On Netflix, be sure to catch Radha Blank’s joyous celebration of the late-bloomer, “The Forty-Year Old Version.” The autobiographical tale finds Radha’s character, a struggling playwright, learning to find her voice as a rapper in her 40th year of life. What a voice it is: Blank’s film is fresh, funny and utterly original. Also on Netflix, documentarian Kristen Johnson’s quirky, ebullient celebration of life (and death), “Dick Johnson is Dead.” This deeply personal film finds Johnson staging different accidents with her father, Dick, as a way of grappling with his inevitable end of life. You’ll laugh, cry and laugh while crying, and the film is the perfect tonic to face the realities of death, which has, in many ways, defined the strange and terrible year of 2020.

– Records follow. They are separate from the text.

lemma in_row_span_if_equal_minors:
  fixes p q y h :: "'r \<Rightarrow> real"
  assumes minors: "\<And>i i'. p i * q i' - q i * p i' = y i * h i' - h i * y i'"
    and nz: "y k * h k' - h k * y k' \<noteq> 0"
  shows "\<exists>\<alpha> \<beta>. \<forall>i. y i = \<alpha> * p i + \<beta> * q i"
proof -
  define \<delta> where "\<delta> = y k * h k' - h k * y k'"
  define cp where "cp = y k * q k' - y k' * q k"
  define cq where "cq = p k * y k' - p k' * y k"
  have "\<delta> * y i = cp * p i + cq * q i" for i
    using minors[of k' i] minors[of k i] unfolding \<delta>_def cp_def cq_def by algebra
  moreover have "\<delta> \<noteq> 0" using nz by (simp add: \<delta>_def)
  ultimately have "y i = cp / \<delta> * p i + cq / \<delta> * q i" for i
    by (simp add: field_simps)
  then show ?thesis by blast
qed

(* The form y i * (s^2 - t^2) + h i * t * s + u * (s * p i - t * q i) below is the determinant
   of S_i (t, s) + u (p i, q i) and (t, s), where S_i is the symmetric 2x2 matrix with
   off-diagonal entry y i and difference h i of its diagonal entries. *)

lemma common_zero_if_proportional:
  fixes y h :: "'r \<Rightarrow> real"
  assumes "\<And>i i'. y i * h i' = h i * y i'"
  shows "\<exists>t s. (t \<noteq> 0 \<or> s \<noteq> 0) \<and> (\<forall>i. y i * (s\<^sup>2 - t\<^sup>2) + h i * t * s = 0)"
proof (cases "\<forall>i. y i = 0")
  case True
  then show ?thesis by (intro exI[of _ 1] exI[of _ 0]) simp
next
  case False
  then obtain k where yk: "y k \<noteq> 0" by blast
  define z where "z = h k / y k"
  have hz: "h i = z * y i" for i
    using assms[of k i] yk by (simp add: z_def field_simps)
  define t where "t = (z + sqrt (z\<^sup>2 + 4)) / 2"
  have "(sqrt (z\<^sup>2 + 4))\<^sup>2 = z\<^sup>2 + 4" by simp
  then have "1 - t\<^sup>2 + z * t = 0"
    unfolding t_def by (simp add: power2_eq_square field_simps)
  moreover have "y i * (1\<^sup>2 - t\<^sup>2) + h i * t * 1 = y i * (1 - t\<^sup>2 + z * t)" for i
    by (simp add: hz algebra_simps)
  ultimately show ?thesis by (intro exI[of _ t] exI[of _ 1]) simp
qed

lemma common_zero_if_in_span:
  fixes y h p q :: "'r \<Rightarrow> real"
  assumes y: "\<And>i. y i = aY * p i + bY * q i" and h: "\<And>i. h i = aH * p i + bH * q i"
  shows "\<exists>t s u. (t \<noteq> 0 \<or> s \<noteq> 0) \<and>
           (\<forall>i. y i * (s\<^sup>2 - t\<^sup>2) + h i * t * s + u * (s * p i - t * q i) = 0)"
proof (cases "aY = 0")
  case True
  then have "y i * (0\<^sup>2 - 1\<^sup>2) + h i * 1 * 0 + (- bY) * (0 * p i - 1 * q i) = 0" for i
    by (simp add: y)
  then show ?thesis by (intro exI[of _ 1] exI[of _ 0] exI[of _ "- bY"]) simp
next
  case False
  obtain t where t: "(- aY) * t^3 + (aH - bY) * t\<^sup>2 + (aY + bH) * t + bY = 0"
    using cubic_has_real_root[of "- aY" "aH - bY" "aY + bH" bY] False by auto
  \<comment> \<open>this \<open>u\<close> cancels the \<open>p i\<close>-terms, leaving \<open>q i\<close> times the cubic\<close>
  define u where "u = - ((1 - t\<^sup>2) * aY + t * aH)"
  have "y i * (1\<^sup>2 - t\<^sup>2) + h i * t * 1 + u * (1 * p i - t * q i)
      = q i * ((- aY) * t^3 + (aH - bY) * t\<^sup>2 + (aY + bH) * t + bY)" for i
    by (simp add: y h u_def power2_eq_square power3_eq_cube algebra_simps)
  then show ?thesis using t by (intro exI[of _ t] exI[of _ 1] exI[of _ u]) simp
qed

lemma common_eigendirection:
  fixes x y w p q :: "'r \<Rightarrow> real"
  assumes minors: "\<And>i i'. p i * q i' - q i * p i' = y i * (x i' - w i') - (x i - w i) * y i'"
  shows "\<exists>t s u. (t \<noteq> 0 \<or> s \<noteq> 0) \<and>
           (\<forall>i. (t * x i + s * y i + u * p i) * s = (t * y i + s * w i + u * q i) * t)"
proof -
  define h where "h i = x i - w i" for i
  have "\<exists>t s u. (t \<noteq> 0 \<or> s \<noteq> 0) \<and>
           (\<forall>i. y i * (s\<^sup>2 - t\<^sup>2) + h i * t * s + u * (s * p i - t * q i) = 0)"
  proof (cases "\<forall>i i'. y i * h i' = h i * y i'")
    case True
    then obtain t s where "t \<noteq> 0 \<or> s \<noteq> 0" "\<forall>i. y i * (s\<^sup>2 - t\<^sup>2) + h i * t * s = 0"
      using common_zero_if_proportional[of y h] by blast
    then show ?thesis by (intro exI[of _ t] exI[of _ s] exI[of _ 0]) simp
  next
    case False
    then obtain k k' where nz: "y k * h k' - h k * y k' \<noteq> 0" by auto
    have mh: "p i * q i' - q i * p i' = y i * h i' - h i * y i'" for i i'
      using minors by (simp add: h_def)
    have mh': "p i * q i' - q i * p i' = h i * (- y i') - (- y i) * h i'" for i i'
      using mh[of i i'] by (simp add: algebra_simps)
    obtain aY bY where "\<And>i. y i = aY * p i + bY * q i"
      using in_row_span_if_equal_minors[OF mh nz] by blast
    moreover have "h k * (- y k') - (- y k) * h k' \<noteq> 0"
      using nz by (auto simp: algebra_simps)
    then obtain aH bH where "\<And>i. h i = aH * p i + bH * q i"
      using in_row_span_if_equal_minors[of p q h "\<lambda>i. - y i" k k', OF mh'] by blast
    ultimately show ?thesis by (rule common_zero_if_in_span)
  qed
  then obtain t s u where ts: "t \<noteq> 0 \<or> s \<noteq> 0"
    and E: "\<And>i. y i * (s\<^sup>2 - t\<^sup>2) + h i * t * s + u * (s * p i - t * q i) = 0"
    by blast
  have diff: "(t * x i + s * y i + u * p i) * s - (t * y i + s * w i + u * q i) * t
      = y i * (s\<^sup>2 - t\<^sup>2) + h i * t * s + u * (s * p i - t * q i)" for i
    by (simp add: h_def power2_eq_square algebra_simps)
  then have "(t * x i + s * y i + u * p i) * s = (t * y i + s * w i + u * q i) * t" for i
    using diff[of i] E[of i] right_minus_eq by metis
  then show ?thesis using ts by blast
qed

lemma symmetric_coefficients_if_exchange:
  fixes a b :: "'c \<Rightarrow> real" and f g :: "'r \<Rightarrow> 'c \<Rightarrow> real"
  assumes D: "a j1 * b j2 - a j2 * b j1 \<noteq> 0"
    and exch: "\<And>i j j'. a j * f i j' + b j * g i j' = a j' * f i j + b j' * g i j"
  shows "\<exists>x y w. \<forall>i j. f i j = x i * a j + y i * b j \<and> g i j = y i * a j + w i * b j"
proof -
  define \<delta> where "\<delta> = a j1 * b j2 - a j2 * b j1"
  define nx where "nx i = b j2 * f i j1 - b j1 * f i j2" for i
  define ny where "ny i = b j2 * g i j1 - b j1 * g i j2" for i
  define nw where "nw i = a j1 * g i j2 - a j2 * g i j1" for i
  have "\<delta> * f i j = nx i * a j + ny i * b j" for i j
    using exch[of j i j1] exch[of j i j2] unfolding \<delta>_def nx_def ny_def by algebra
  moreover have "\<delta> * g i j = ny i * a j + nw i * b j" for i j
    using exch[of j i j1] exch[of j i j2] exch[of j1 i j2]
    unfolding \<delta>_def ny_def nw_def by algebra
  moreover have "\<delta> \<noteq> 0" using D by (simp add: \<delta>_def)
  ultimately have "f i j = nx i / \<delta> * a j + ny i / \<delta> * b j \<and>
      g i j = ny i / \<delta> * a j + nw i / \<delta> * b j" for i j
    by (simp add: field_simps)
  then show ?thesis
    by (intro exI[of _ "\<lambda>i. nx i / \<delta>"] exI[of _ "\<lambda>i. ny i / \<delta>"] exI[of _ "\<lambda>i. nw i / \<delta>"]) simp
qed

On Kanopy, the streaming site you can access for free with your library card (if your local library participates), two of the best international films of the year are now streaming. Kantemir Balagov’s bleak, beautiful, darkly hypnotic “Beanpole” follows two female veterans in Leningrad just after World War II, grappling with the physical and mental aftereffects of war. Also on Kanopy, Juliano Dornelles and Kleber Mendonca Filho’s Brazilian neo-Western “Bacurau.” This examination of Brazilian politics in a remote village becomes a gleeful anti-colonialist splatterfest.

Finally, for rent on Amazon, iTunes and elsewhere ($4.99), Kelly Reichardt’s beautiful “First Cow” is a must-see. The story of the first milk cow to land in a rough Oregon pioneer town during the heyday of the Gold Rush isn’t just a rumination on civilization, capitalism and emerging markets, but also, a touching tale of friendship and doughnuts.